In the aftermath of the murder of a private citizen by a police lieutenant in the Talladega Police Department, it became evident that the Mayor, Police Chief, and other officers in the Police Department, particularly officer Getral Smith (who knew that Hurst had killed Mann), were engaging in a small-scale "Watergate Coverup". As a result, the Mayor resigned, the Chief of Police was forced out of office, and Smith was suspended and subsequently indicted as an accessory after the fact.
The Police Chief and Lieutenant Tyler Wood, who was a close friend of Hurst and one of the first investigating officers, did not testify in the case. The Mayor and Getral Smith were summoned as witnesses for the defense. The Mayor was sworn and took the witness stand. He immediately invoked the Fifth Amendment and declined to testify on the ground that his testimony might tend to incriminate him.
Smith waived his privilege against self-incrimination and testified in behalf of Hurst. Lt. Jimmy Ray Hurst was convicted of murder in the first degree and sentenced to life imprisonment. He appealed his conviction and lost.
This is when I got to know Jimmy Ray Hurst. I was the Special Assistant Attorney General for the State of Alabama who protected the “guilty” verdict during Jimmy Hurst’s appeal of his murder conviction. Attorney General Bill Baxley appointed me to represent the State of Alabama in one of the most high-profile murder cases of its time.
On November 12, 1974, the Alabama Court of Criminal Appeals upheld this cold-bloodied murderer’s conviction in Hurst v. State. With that, Hurst's fate was sealed. He was imprisoned for Cooter Mann's murder.

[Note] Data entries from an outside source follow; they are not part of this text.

(* If a world w falsifies the conclusion of a rule instance, some premise is falsified as well:
   at w itself, except for (K), where one moves to an R_\<pi>-successor of w. Starting from a
   world falsifying the root, this gives an infinite path through the derivation graph labelled
   by falsified sequents. A false formula has a cost: the least number of loop iterations, in
   total, of the runs in a witness of its falsity. Following a trace, the cost never increases,
   and it strictly decreases at every progress point, because (C-s) is followed into its second
   premise only when the cheapest witness for [\<pi>*]\<phi> iterates \<pi> at least once. A trace with
   infinitely many progress points would therefore yield an infinitely descending sequence of
   natural numbers. *)

lemma rel_subset_Wd: "is_model M \<Longrightarrow> rel M \<pi> \<subseteq> Wd M \<times> Wd M"
proof (induction \<pi>)
  case (Star \<pi>)
  then have "(rel M \<pi>)\<^sup>+ \<subseteq> Wd M \<times> Wd M" by (intro trancl_subset_Sigma) auto
  then show ?case by (auto simp: Id_on_def)
qed (auto simp: is_model_def)

inductive run :: "('w, 'a, 'p) model \<Rightarrow> ('a, 'p) prg \<Rightarrow> 'w \<Rightarrow> 'w \<Rightarrow> nat \<Rightarrow> bool" for M where
  run_At: "(w, v) \<in> Rl M \<alpha> \<Longrightarrow> run M (At \<alpha>) w v 0"
| run_Seq: "run M \<pi>0 w v i \<Longrightarrow> run M \<pi>1 v u j \<Longrightarrow> run M (Seq \<pi>0 \<pi>1) w u (i + j)"
| run_Cup0: "run M \<pi>0 w v i \<Longrightarrow> run M (Cup \<pi>0 \<pi>1) w v i"
| run_Cup1: "run M \<pi>1 w v i \<Longrightarrow> run M (Cup \<pi>0 \<pi>1) w v i"
| run_Test: "w \<in> Wd M \<Longrightarrow> sat M w \<phi> \<Longrightarrow> run M (Test \<phi>) w w 0"
| run_Star_refl: "w \<in> Wd M \<Longrightarrow> run M (Star \<pi>) w w 0"
| run_Star_step: "run M \<pi> w v i \<Longrightarrow> run M (Star \<pi>) v u j \<Longrightarrow> run M (Star \<pi>) w u (Suc (i + j))"
text \<open>Factor A^k = F G0 through its column space, with F of full column rank r = rank A^k
  and F = A^k E, and put G = G0 A, so that A^(k+1) = F G. The Drazin identities give
  F = (A^D)^(k+1) F (G F), so the r x r matrix C = G F is invertible, and A^D = (A^D)^(k+2) F G,
  so A^D F adj(C) G = det C A^D. By Cauchy-Binet, Delta, the sum of the principal r-minors of
  F G, equals det C. Replacing row j of F G by row i of B A^(k+s) = U G with U = B A^s A^D F,
  the same expansion turns N_ij(k+s) into (U adj(C) G)_ij = Delta (B A^s A^D)_ij; these are the
  coefficients B A^D and B A^s A^D occurring in X(t).\<close>

section \<open>The Cauchy--Binet formula\<close>

definition pick_perm :: "nat \<Rightarrow> nat set \<Rightarrow> (nat \<Rightarrow> nat) \<Rightarrow> nat \<Rightarrow> nat" where
  "pick_perm r \<alpha> \<tau> a = (if a < r then pick \<alpha> (\<tau> a) else a)"

definition index_injections :: "nat \<Rightarrow> nat \<Rightarrow> (nat \<Rightarrow> nat) set" where
  "index_injections r n =
     {f. (\<forall>i\<in>{0..<r}. f i \<in> {0..<n}) \<and> (\<forall>i. i \<notin> {0..<r} \<longrightarrow> f i = i) \<and> inj_on f {0..<r}}"

lemma finite_Irn: "finite (Irn r n)"
  unfolding Irn_def by (rule finite_subset[of _ "Pow {0..<n}"]) auto

lemma Irn_D:
  assumes "\<alpha> \<in> Irn r n"
  shows "\<alpha> \<subseteq> {0..<n}" "card \<alpha> = r" "finite \<alpha>"
  using assms finite_subset unfolding Irn_def by auto

lemma Irn_Collect: "\<alpha> \<in> Irn r n \<Longrightarrow> {i. i < n \<and> i \<in> \<alpha>} = \<alpha>"
  by (auto simp: Irn_def)

lemma pick_inj: "i < card S \<Longrightarrow> j < card S \<Longrightarrow> pick S i = pick S j \<Longrightarrow> i = j"
  by (metis card_pick)

lemma pick_image: "finite S \<Longrightarrow> pick S ` {0..<card S} = S"
  by (intro card_subset_eq) (auto simp: card_image inj_on_def pick_inj pick_in_set)

lemma pick_lt: "\<alpha> \<in> Irn r n \<Longrightarrow> i < r \<Longrightarrow> pick \<alpha> i < n"
  using pick_in_set[of i \<alpha>] by (auto simp: Irn_def)

lemma pick_perm_in_index_injections:
  assumes \<alpha>: "\<alpha> \<in> Irn r n" and \<tau>: "\<tau> permutes {0..<r}"
  shows "pick_perm r \<alpha> \<tau> \<in> index_injections r n"
proof -
  have \<tau>_lt: "i < r \<Longrightarrow> \<tau> i < r" for i using permutes_in_image[OF \<tau>, of i] by simp
  have "inj_on (pick_perm r \<alpha> \<tau>) {0..<r}"
  proof (rule inj_onI)
    fix a b assume "a \<in> {0..<r}" "b \<in> {0..<r}" "pick_perm r \<alpha> \<tau> a = pick_perm r \<alpha> \<tau> b"
    then have "\<tau> a = \<tau> b"
      using pick_inj[of "\<tau> a" \<alpha> "\<tau> b"] \<tau>_lt Irn_D(2)[OF \<alpha>] by (simp add: pick_perm_def)
    then show "a = b" using permutes_inj[OF \<tau>] by (simp add: inj_eq)
  qed
  then show ?thesis
    using pick_lt[OF \<alpha> \<tau>_lt] by (simp add: index_injections_def pick_perm_def)
qed

lemma index_injection_pick_perm:
  assumes f: "f \<in> index_injections r n"
  obtains \<alpha> \<tau> where "\<alpha> \<in> Irn r n" "\<tau> permutes {0..<r}" "f = pick_perm r \<alpha> \<tau>"
proof -
  have inj: "inj_on f {0..<r}" and f_lt: "\<And>i. i < r \<Longrightarrow> f i < n"
    and f_id: "\<And>i. \<not> i < r \<Longrightarrow> f i = i"
    using f by (auto simp: index_injections_def)
  define \<alpha> where "\<alpha> = f ` {0..<r}"
  have card_\<alpha>: "card \<alpha> = r" unfolding \<alpha>_def using card_image[OF inj] by simp
  have f_in: "i < r \<Longrightarrow> f i \<in> \<alpha>" for i unfolding \<alpha>_def by simp
  \<comment> \<open>the permutation records the position of each \<open>f a\<close> within the ordered set \<open>\<alpha>\<close>\<close>
  define \<tau> where "\<tau> a = (if a < r then card {x\<in>\<alpha>. x < f a} else a)" for a
  have pick_\<tau>: "a < r \<Longrightarrow> pick \<alpha> (\<tau> a) = f a" for a
    using pick_card_in_set[OF f_in] by (simp add: \<tau>_def)
  have \<tau>_lt: "\<tau> a < r" if a: "a < r" for a
  proof -
    have "{x\<in>\<alpha>. x < f a} \<subset> \<alpha>" using f_in[OF a] by auto
    then show ?thesis
      using psubset_card_mono[of \<alpha>] card_\<alpha> a by (simp add: \<tau>_def \<alpha>_def)
  qed
  have "\<tau> permutes {0..<r}"
  proof (rule inj_on_nat_permutes)
    show "inj_on \<tau> {0..<r}"
    proof (rule inj_onI)
      fix a b assume "a \<in> {0..<r}" "b \<in> {0..<r}" "\<tau> a = \<tau> b"
      then have "f a = f b" using pick_\<tau>[of a] pick_\<tau>[of b] by simp
      with inj \<open>a \<in> {0..<r}\<close> \<open>b \<in> {0..<r}\<close> show "a = b" by (simp add: inj_on_eq_iff)
    qed
    show "\<tau> \<in> {0..<r} \<rightarrow> {0..<r}" using \<tau>_lt by simp
  qed (simp_all add: \<tau>_def)
  moreover have "\<alpha> \<in> Irn r n" using f_lt card_\<alpha> by (auto simp: Irn_def \<alpha>_def)
  moreover have "f = pick_perm r \<alpha> \<tau>" using pick_\<tau> f_id by (auto simp: pick_perm_def)
  ultimately show thesis using that by blast
qed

As fate would have it, I graduated from law school three weeks before Jimmy Ray Hurst murdered Charles “Cooter” Mann. Yet, Hurst’s shocking case was my introduction to the ugly underbelly of police murders and law-enforcement cover-ups. Fortunately, it was also my introduction to courageous sheriffs and prosecutors who were committed to seeking criminal justice under the most difficult of circumstances in that era.
Jimmy Ray Hurst remains in prison to this day. He is 90 years old. He was denied parole in June 2020. He will die in prison.
This was the first and only time a Black special prosecutor handled a police-murder case in Alabama where all of the parties, witnesses, and public officials involved in the case were White. My work came with plenty of death threats. In the end, justice was served. For this, I am proud.